Dataset excerpts
Segment Open

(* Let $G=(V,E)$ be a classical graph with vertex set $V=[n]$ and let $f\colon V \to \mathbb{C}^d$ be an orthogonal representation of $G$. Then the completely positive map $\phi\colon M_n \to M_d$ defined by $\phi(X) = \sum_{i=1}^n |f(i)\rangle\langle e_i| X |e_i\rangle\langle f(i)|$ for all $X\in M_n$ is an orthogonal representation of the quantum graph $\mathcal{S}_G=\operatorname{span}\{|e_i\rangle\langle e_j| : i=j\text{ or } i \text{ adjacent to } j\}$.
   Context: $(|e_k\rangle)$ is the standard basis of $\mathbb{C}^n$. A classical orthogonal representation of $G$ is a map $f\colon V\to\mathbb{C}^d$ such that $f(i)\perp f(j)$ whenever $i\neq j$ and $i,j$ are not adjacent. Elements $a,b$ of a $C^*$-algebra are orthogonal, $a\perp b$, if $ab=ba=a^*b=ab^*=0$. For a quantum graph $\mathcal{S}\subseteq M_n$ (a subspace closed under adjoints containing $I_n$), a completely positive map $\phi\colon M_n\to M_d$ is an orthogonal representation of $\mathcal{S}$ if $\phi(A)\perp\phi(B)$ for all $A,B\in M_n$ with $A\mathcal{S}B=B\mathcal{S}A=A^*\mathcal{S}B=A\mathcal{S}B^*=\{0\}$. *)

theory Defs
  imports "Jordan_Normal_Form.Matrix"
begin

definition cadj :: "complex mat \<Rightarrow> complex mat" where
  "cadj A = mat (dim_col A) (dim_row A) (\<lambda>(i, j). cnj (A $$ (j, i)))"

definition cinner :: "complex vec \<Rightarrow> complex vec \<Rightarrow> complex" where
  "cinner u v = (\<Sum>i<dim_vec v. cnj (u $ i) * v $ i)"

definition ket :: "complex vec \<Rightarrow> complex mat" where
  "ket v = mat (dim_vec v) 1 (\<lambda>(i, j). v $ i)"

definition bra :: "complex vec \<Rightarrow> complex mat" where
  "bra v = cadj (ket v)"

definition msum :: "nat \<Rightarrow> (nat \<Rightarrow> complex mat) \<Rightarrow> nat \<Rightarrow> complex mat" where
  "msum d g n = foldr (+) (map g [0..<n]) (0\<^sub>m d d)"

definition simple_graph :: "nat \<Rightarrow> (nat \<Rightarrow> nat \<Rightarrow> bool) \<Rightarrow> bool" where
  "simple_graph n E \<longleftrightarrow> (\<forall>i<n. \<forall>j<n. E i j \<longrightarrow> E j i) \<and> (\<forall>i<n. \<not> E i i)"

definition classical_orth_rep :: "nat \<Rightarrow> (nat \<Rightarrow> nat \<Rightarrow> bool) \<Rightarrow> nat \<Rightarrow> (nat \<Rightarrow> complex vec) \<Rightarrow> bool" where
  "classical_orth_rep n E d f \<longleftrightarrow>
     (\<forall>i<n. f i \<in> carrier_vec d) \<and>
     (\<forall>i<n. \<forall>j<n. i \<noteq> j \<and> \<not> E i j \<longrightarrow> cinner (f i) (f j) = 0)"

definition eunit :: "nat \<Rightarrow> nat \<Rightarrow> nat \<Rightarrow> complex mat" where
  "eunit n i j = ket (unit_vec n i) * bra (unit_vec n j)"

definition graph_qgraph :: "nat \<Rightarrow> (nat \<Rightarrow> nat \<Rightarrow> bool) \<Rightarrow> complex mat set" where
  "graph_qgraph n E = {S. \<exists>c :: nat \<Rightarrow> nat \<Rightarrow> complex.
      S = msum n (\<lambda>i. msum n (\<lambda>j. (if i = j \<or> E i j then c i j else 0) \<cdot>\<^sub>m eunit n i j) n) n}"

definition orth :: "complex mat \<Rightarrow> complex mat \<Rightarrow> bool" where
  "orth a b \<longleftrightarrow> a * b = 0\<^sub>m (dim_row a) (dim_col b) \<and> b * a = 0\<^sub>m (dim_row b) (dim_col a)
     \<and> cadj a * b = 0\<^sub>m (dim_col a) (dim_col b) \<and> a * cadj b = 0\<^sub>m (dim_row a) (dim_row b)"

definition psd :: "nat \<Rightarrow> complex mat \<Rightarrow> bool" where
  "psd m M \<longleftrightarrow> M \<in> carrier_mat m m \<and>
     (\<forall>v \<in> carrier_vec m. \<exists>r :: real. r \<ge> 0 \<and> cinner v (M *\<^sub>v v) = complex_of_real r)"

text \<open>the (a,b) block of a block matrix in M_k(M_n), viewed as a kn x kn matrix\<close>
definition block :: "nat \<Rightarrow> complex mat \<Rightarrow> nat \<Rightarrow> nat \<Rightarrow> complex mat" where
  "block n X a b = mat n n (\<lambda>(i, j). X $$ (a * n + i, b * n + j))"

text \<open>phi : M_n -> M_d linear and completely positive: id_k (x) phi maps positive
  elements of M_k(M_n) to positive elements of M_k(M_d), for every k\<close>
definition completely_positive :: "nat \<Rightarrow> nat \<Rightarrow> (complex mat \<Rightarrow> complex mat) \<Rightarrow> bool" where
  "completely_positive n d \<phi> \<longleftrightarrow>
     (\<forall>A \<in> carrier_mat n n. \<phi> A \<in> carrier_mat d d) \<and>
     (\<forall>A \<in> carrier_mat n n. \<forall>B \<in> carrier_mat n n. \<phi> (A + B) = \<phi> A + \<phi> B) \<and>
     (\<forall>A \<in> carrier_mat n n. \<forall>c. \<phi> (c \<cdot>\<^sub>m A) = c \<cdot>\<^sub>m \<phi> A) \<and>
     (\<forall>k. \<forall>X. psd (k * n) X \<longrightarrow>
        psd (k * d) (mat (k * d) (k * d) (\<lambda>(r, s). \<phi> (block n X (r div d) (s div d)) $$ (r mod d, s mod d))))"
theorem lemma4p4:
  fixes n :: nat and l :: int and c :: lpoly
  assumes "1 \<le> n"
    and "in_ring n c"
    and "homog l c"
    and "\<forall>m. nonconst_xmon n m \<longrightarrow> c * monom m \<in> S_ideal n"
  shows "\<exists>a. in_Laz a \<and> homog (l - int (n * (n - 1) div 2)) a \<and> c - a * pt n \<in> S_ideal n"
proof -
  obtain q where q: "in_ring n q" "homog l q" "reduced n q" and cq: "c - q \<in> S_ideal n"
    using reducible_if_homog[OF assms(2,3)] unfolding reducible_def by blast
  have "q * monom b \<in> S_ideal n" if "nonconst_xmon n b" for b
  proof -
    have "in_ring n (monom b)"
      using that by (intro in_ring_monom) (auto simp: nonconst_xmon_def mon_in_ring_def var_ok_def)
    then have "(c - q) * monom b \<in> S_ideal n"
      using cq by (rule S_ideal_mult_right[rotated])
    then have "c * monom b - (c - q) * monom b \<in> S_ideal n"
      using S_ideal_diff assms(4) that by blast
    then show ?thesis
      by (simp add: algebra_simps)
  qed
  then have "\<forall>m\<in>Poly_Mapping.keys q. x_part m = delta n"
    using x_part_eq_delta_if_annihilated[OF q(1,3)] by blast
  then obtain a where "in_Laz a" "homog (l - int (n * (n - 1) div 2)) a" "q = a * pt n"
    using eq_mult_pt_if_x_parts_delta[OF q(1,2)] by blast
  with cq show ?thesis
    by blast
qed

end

Segment Closed

• _Aim of the task_
Nothing in the records may change; output all of them exactly.

• _Solved exercise_
(* Let $G=(V,E)$ be a classical graph with vertex set $V=[n]$ and let $f\colon V \to \mathbb{C}^d$ be an orthogonal representation of $G$. Then the completely positive map $\phi\colon M_n \to M_d$ defined by $\phi(X) = \sum_{i=1}^n |f(i)\rangle\langle e_i| X |e_i\rangle\langle f(i)|$ for all $X\in M_n$ is an orthogonal representation of the quantum graph $\mathcal{S}_G=\operatorname{span}\{|e_i\rangle\langle e_j| : i=j\text{ or } i \text{ adjacent to } j\}$.
   Context: $(|e_k\rangle)$ is the standard basis of $\mathbb{C}^n$. A classical orthogonal representation of $G$ is a map $f\colon V\to\mathbb{C}^d$ such that $f(i)\perp f(j)$ whenever $i\neq j$ and $i,j$ are not adjacent. Elements $a,b$ of a $C^*$-algebra are orthogonal, $a\perp b$, if $ab=ba=a^*b=ab^*=0$. For a quantum graph $\mathcal{S}\subseteq M_n$ (a subspace closed under adjoints containing $I_n$), a completely positive map $\phi\colon M_n\to M_d$ is an orthogonal representation of $\mathcal{S}$ if $\phi(A)\perp\phi(B)$ for all $A,B\in M_n$ with $A\mathcal{S}B=B\mathcal{S}A=A^*\mathcal{S}B=A\mathcal{S}B^*=\{0\}$. *)

theory Defs
  imports "Jordan_Normal_Form.Matrix"
begin

definition cadj :: "complex mat \<Rightarrow> complex mat" where
  "cadj A = mat (dim_col A) (dim_row A) (\<lambda>(i, j). cnj (A $$ (j, i)))"

definition cinner :: "complex vec \<Rightarrow> complex vec \<Rightarrow> complex" where
  "cinner u v = (\<Sum>i<dim_vec v. cnj (u $ i) * v $ i)"

definition ket :: "complex vec \<Rightarrow> complex mat" where
  "ket v = mat (dim_vec v) 1 (\<lambda>(i, j). v $ i)"

definition bra :: "complex vec \<Rightarrow> complex mat" where
  "bra v = cadj (ket v)"

definition msum :: "nat \<Rightarrow> (nat \<Rightarrow> complex mat) \<Rightarrow> nat \<Rightarrow> complex mat" where
  "msum d g n = foldr (+) (map g [0..<n]) (0\<^sub>m d d)"

definition simple_graph :: "nat \<Rightarrow> (nat \<Rightarrow> nat \<Rightarrow> bool) \<Rightarrow> bool" where
  "simple_graph n E \<longleftrightarrow> (\<forall>i<n. \<forall>j<n. E i j \<longrightarrow> E j i) \<and> (\<forall>i<n. \<not> E i i)"

definition classical_orth_rep :: "nat \<Rightarrow> (nat \<Rightarrow> nat \<Rightarrow> bool) \<Rightarrow> nat \<Rightarrow> (nat \<Rightarrow> complex vec) \<Rightarrow> bool" where
  "classical_orth_rep n E d f \<longleftrightarrow>
     (\<forall>i<n. f i \<in> carrier_vec d) \<and>
     (\<forall>i<n. \<forall>j<n. i \<noteq> j \<and> \<not> E i j \<longrightarrow> cinner (f i) (f j) = 0)"

definition eunit :: "nat \<Rightarrow> nat \<Rightarrow> nat \<Rightarrow> complex mat" where
  "eunit n i j = ket (unit_vec n i) * bra (unit_vec n j)"

definition graph_qgraph :: "nat \<Rightarrow> (nat \<Rightarrow> nat \<Rightarrow> bool) \<Rightarrow> complex mat set" where
  "graph_qgraph n E = {S. \<exists>c :: nat \<Rightarrow> nat \<Rightarrow> complex.
      S = msum n (\<lambda>i. msum n (\<lambda>j. (if i = j \<or> E i j then c i j else 0) \<cdot>\<^sub>m eunit n i j) n) n}"

definition orth :: "complex mat \<Rightarrow> complex mat \<Rightarrow> bool" where
  "orth a b \<longleftrightarrow> a * b = 0\<^sub>m (dim_row a) (dim_col b) \<and> b * a = 0\<^sub>m (dim_row b) (dim_col a)
     \<and> cadj a * b = 0\<^sub>m (dim_col a) (dim_col b) \<and> a * cadj b = 0\<^sub>m (dim_row a) (dim_row b)"

definition psd :: "nat \<Rightarrow> complex mat \<Rightarrow> bool" where
  "psd m M \<longleftrightarrow> M \<in> carrier_mat m m \<and>
     (\<forall>v \<in> carrier_vec m. \<exists>r :: real. r \<ge> 0 \<and> cinner v (M *\<^sub>v v) = complex_of_real r)"

text \<open>the (a,b) block of a block matrix in M_k(M_n), viewed as a kn x kn matrix\<close>
definition block :: "nat \<Rightarrow> complex mat \<Rightarrow> nat \<Rightarrow> nat \<Rightarrow> complex mat" where
  "block n X a b = mat n n (\<lambda>(i, j). X $$ (a * n + i, b * n + j))"

text \<open>phi : M_n -> M_d linear and completely positive: id_k (x) phi maps positive
  elements of M_k(M_n) to positive elements of M_k(M_d), for every k\<close>
definition completely_positive :: "nat \<Rightarrow> nat \<Rightarrow> (complex mat \<Rightarrow> complex mat) \<Rightarrow> bool" where
  "completely_positive n d \<phi> \<longleftrightarrow>
     (\<forall>A \<in> carrier_mat n n. \<phi> A \<in> carrier_mat d d) \<and>
     (\<forall>A \<in> carrier_mat n n. \<forall>B \<in> carrier_mat n n. \<phi> (A + B) = \<phi> A + \<phi> B) \<and>
     (\<forall>A \<in> carrier_mat n n. \<forall>c. \<phi> (c \<cdot>\<^sub>m A) = c \<cdot>\<^sub>m \<phi> A) \<and>
     (\<forall>k. \<forall>X. psd (k * n) X \<longrightarrow>
        psd (k * d) (mat (k * d) (k * d) (\<lambda>(r, s). \<phi> (block n X (r div d) (s div d)) $$ (r mod d, s mod d))))"
theorem lemma4p4:
  fixes n :: nat and l :: int and c :: lpoly
  assumes "1 \<le> n"
    and "in_ring n c"
    and "homog l c"
    and "\<forall>m. nonconst_xmon n m \<longrightarrow> c * monom m \<in> S_ideal n"
  shows "\<exists>a. in_Laz a \<and> homog (l - int (n * (n - 1) div 2)) a \<and> c - a * pt n \<in> S_ideal n"
proof -
  obtain q where q: "in_ring n q" "homog l q" "reduced n q" and cq: "c - q \<in> S_ideal n"
    using reducible_if_homog[OF assms(2,3)] unfolding reducible_def by blast
  have "q * monom b \<in> S_ideal n" if "nonconst_xmon n b" for b
  proof -
    have "in_ring n (monom b)"
      using that by (intro in_ring_monom) (auto simp: nonconst_xmon_def mon_in_ring_def var_ok_def)
    then have "(c - q) * monom b \<in> S_ideal n"
      using cq by (rule S_ideal_mult_right[rotated])
    then have "c * monom b - (c - q) * monom b \<in> S_ideal n"
      using S_ideal_diff assms(4) that by blast
    then show ?thesis
      by (simp add: algebra_simps)
  qed
  then have "\<forall>m\<in>Poly_Mapping.keys q. x_part m = delta n"
    using x_part_eq_delta_if_annihilated[OF q(1,3)] by blast
  then obtain a where "in_Laz a" "homog (l - int (n * (n - 1) div 2)) a" "q = a * pt n"
    using eq_mult_pt_if_x_parts_delta[OF q(1,2)] by blast
  with cq show ?thesis
    by blast
qed

end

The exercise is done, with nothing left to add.